Canada will cease air strikes against ISIS by the end of this month but will triple its troops in Iraq to train Kurdish forces fighting the Islamic terror group.
Prime Minister Justin Trudeau said that Canada will withdraw six CF-18 fighter jets by 22 February, but will retain two surveillance planes.
Canadian Armed Forces members in the coalition mission will be increased from 600 to around 830, while the current 69 ground training troops will be tripled.
The country will spend more than C$1.6bn over three years towards improving security, and providing humanitarian aid to the region.
Out of the total funds, C$264m will be utilised to extend the military mission in Iraq and Syria until March 31, 2017, $145m in non-military security efforts, $840m in humanitarian assistance, and $270m to strengthen the forces in Jordan and Lebanon.
Trudeau was quoted by The Guardian as saying: "I'm proud of the mission we've put forward.
"It's complete, it's robust.
"We will be supporting and empowering local forces to take their fight directly to ISIS, so that kilometre by kilometre, they can reclaim their homes, their land and their future."

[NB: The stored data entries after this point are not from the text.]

lemma not_blocked_three:
  assumes inc: "incident_edges E ends s = {i, j, k, m}" "distinct [i, j, k, m]"
  shows "\<not> (blocked i j \<and> blocked i k \<and> blocked i m)"
proof
  assume "blocked i j \<and> blocked i k \<and> blocked i m"
  then obtain X Y Z where X: "dangerous X" "t i \<in> X" "t j \<in> X"
    and Y: "dangerous Y" "t i \<in> Y" "t k \<in> Y" and Z: "dangerous Z" "t i \<in> Z" "t m \<in> Z"
    unfolding blocked_def by blast
  have mem: "i \<in> incident_edges E ends s" "j \<in> incident_edges E ends s"
    "k \<in> incident_edges E ends s" "m \<in> incident_edges E ends s" using inc(1) by auto
  note inA = mem[THEN incident_other_end(3)]
  have out: "t k \<notin> X" "t m \<notin> X" "t j \<notin> Y" "t m \<notin> Y" "t j \<notin> Z" "t k \<notin> Z"
    using dangerous_misses_third[OF X] dangerous_misses_third[OF Y] dangerous_misses_third[OF Z]
      mem inc(2) by auto
  have "l \<le> d (X \<inter> Y \<inter> Z)" "l \<le> d (X - Y - Z)" "l \<le> d (Y - X - Z)" "l \<le> d (Z - X - Y)"
    using X Y Z out inA by (auto intro!: l_le_d)
  moreover have "s \<notin> X \<union> Y \<union> Z" using X(1) Y(1) Z(1) unfolding dangerous_def by simp
  then have "1 \<le> card (edges_between E ends (X \<inter> Y \<inter> Z) (- (X \<union> Y \<union> Z)))"
    using incident_edge_between[OF mem(1)] X(2) Y(2) Z(2) by simp
  moreover note cut_edges_three_sets[OF pseudograph, of X Y Z]
  ultimately show False using X(1) Y(1) Z(1) l_ge_2 unfolding dangerous_def by linarith
qed

end
text \<open>The frequency condition of integral_wave_packet_mult_eq_0 fails only if the frequency
  interval of the coarser bitile lies in that of the finer one, so only comparable bitiles can
  have non-orthogonal half tiles.\<close>

lemma integral_half_tile_mult_eq_0:
  assumes "fst P \<le> fst P'" "\<not> bt_le P P'" "c \<le> 1" "c' \<le> 1"
  shows "(\<integral>x. wave_packet (half_tile P c) x * wave_packet (half_tile P' c') x \<partial>lborel) = 0"
proof -
  obtain j m n j' m' n' where P: "P = (j, m, n)" and P': "P' = (j', m', n')" by (cases P; cases P')
  define s where "s = nat (j' - j)"
  have "j \<le> j'" using assms(1) P P' by simp
  have "(2 * n' + c') div 2 ^ s \<noteq> 2 * n + c" if "m div 2 ^ s = m'"
  proof
    assume a: "(2 * n' + c') div 2 ^ s = 2 * n + c"
    have "(2 * n' + c') div 2 ^ s div 2 = (2 * n' + c') div 2 div 2 ^ s"
      by (metis div_mult2_eq mult.commute)
    moreover have "(2 * n' + c') div 2 = n'" "(2 * n + c) div 2 = n" using assms(3,4) by simp_all
    ultimately have "n' div 2 ^ s = n" using a by simp
    moreover have "nat ((1 - j) - (1 - j')) = s" unfolding s_def by simp
    ultimately have "dint (1 - j', n') \<subseteq> dint (1 - j, n)"
      using dint_subset_of_div[of "1 - j'" "1 - j" n' n] \<open>j \<le> j'\<close> by simp
    moreover have "dint (j, m) \<subseteq> dint (j', m')"
      using dint_subset_of_div[OF \<open>j \<le> j'\<close> that[unfolded s_def]] .
    ultimately have "bt_le P P'" by (simp add: bt_le_def I_bt_def omega_bt_def P P')
    then show False using assms(2) by simp
  qed
  then show ?thesis
    unfolding P P' half_tile_def using integral_wave_packet_mult_eq_0[OF \<open>j \<le> j'\<close>] by (simp add: s_def)
qed

lemma integral_half_tile_mult:
  assumes "bt_le P P' \<longrightarrow> P = P'" "bt_le P' P \<longrightarrow> P = P'" "c \<le> 1" "c' \<le> 1"
  shows "(\<integral>x. wave_packet (half_tile P c) x * wave_packet (half_tile P' c') x \<partial>lborel)
     = (if half_tile P c = half_tile P' c' then 1 else 0)"
proof (cases "P = P'")
  case True
  obtain j m n where "P = (j, m, n)" by (cases P)
  then show ?thesis
    using True integral_wave_packet_mult_same_interval[of j m "2 * n + c" "2 * n + c'"]
    by (simp add: half_tile_def)
next
  case False
  then have "half_tile P c \<noteq> half_tile P' c'" using half_tile_inj assms(3,4) by blast
  moreover have "(\<integral>x. wave_packet (half_tile P c) x * wave_packet (half_tile P' c') x \<partial>lborel) = 0"
  proof (cases "fst P \<le> fst P'")
    case True
    then show ?thesis using integral_half_tile_mult_eq_0 assms False by blast
  next
    case False
    then show ?thesis using integral_half_tile_mult_eq_0[of P' P c' c] assms \<open>P \<noteq> P'\<close>
      by (simp add: mult.commute)
  qed
  ultimately show ?thesis by simp
qed

lemma sum_bitile_energy_le:
  assumes "L2_Rplus f" "finite M" and antichain: "\<And>Q Q'. Q \<in> M \<Longrightarrow> Q' \<in> M \<Longrightarrow> bt_le Q Q' \<Longrightarrow> Q = Q'"
  shows "(\<Sum>Q\<in>M. bitile_energy f Q) \<le> (L2_norm_Rplus f)\<^sup>2"
proof -
  define K where "K = case_prod half_tile ` (M \<times> {0, 1})"
  have inj: "inj_on (case_prod half_tile) (M \<times> {0, 1})"
  proof (rule inj_onI)
    fix x y assume xy: "x \<in> M \<times> {0, 1}" "y \<in> M \<times> {0, 1}" "case_prod half_tile x = case_prod half_tile y"
    obtain P c P' c' where "x = (P, c)" "y = (P', c')" by (cases x, cases y)
    with xy have "c \<le> 1" "c' \<le> 1" "half_tile P c = half_tile P' c'" by auto
    then show "x = y" using half_tile_inj \<open>x = (P, c)\<close> \<open>y = (P', c')\<close> by blast
  qed
  let ?e = "\<lambda>p. (cmod (inner_Rplus f (wave_packet p)))\<^sup>2"
  have "(\<Sum>Q\<in>M. bitile_energy f Q) = (\<Sum>Q\<in>M. \<Sum>c\<in>{0, 1}. ?e (half_tile Q c))"
    by (simp add: bitile_energy_def lower_tile_eq_half_tile upper_tile_eq_half_tile)
  also have "\<dots> = (\<Sum>(Q, c)\<in>M \<times> {0, 1}. ?e (half_tile Q c))"
    by (rule sum.cartesian_product)
  also have "\<dots> = (\<Sum>p\<in>K. ?e p)"
    unfolding K_def sum.reindex[OF inj] by (simp add: case_prod_unfold comp_def)
  also have "\<dots> \<le> (L2_norm_Rplus f)\<^sup>2"
  proof (rule bessel_wave_packets[OF assms(1)])
    show "finite K" unfolding K_def using assms(2) by simp
    have half_tile_of_K: "\<exists>P c. P \<in> M \<and> c \<le> 1 \<and> p = half_tile P c" if "p \<in> K" for p
      using that unfolding K_def by fastforce
    fix p q assume "p \<in> K" "q \<in> K"
    then obtain P c P' c' where "P \<in> M" "P' \<in> M" "c \<le> 1" "c' \<le> 1"
      and "p = half_tile P c" "q = half_tile P' c'" using half_tile_of_K by meson
    then show "(\<integral>x. wave_packet p x * wave_packet q x \<partial>lborel) = (if p = q then 1 else 0)"
      using integral_half_tile_mult antichain by metis
  qed
  finally show ?thesis .
qed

The decision to stop air strikes is part of the poll promises made last year by Trudeau, who became the prime minister in November.
Trudeau's move is being criticised by the opposition, and is said to be against the public opinion.
Conservative opposition leader Rona Ambrose said: "This prime minister is taking a shameful step backward from our proud traditions by pulling our CF-18s and Canada out of a combat role against the greatest terror threat in the world."
Image: Canada will triple its ground training troops in Iraq. Photo: courtesy of National Defence and the Canadian Armed Forces.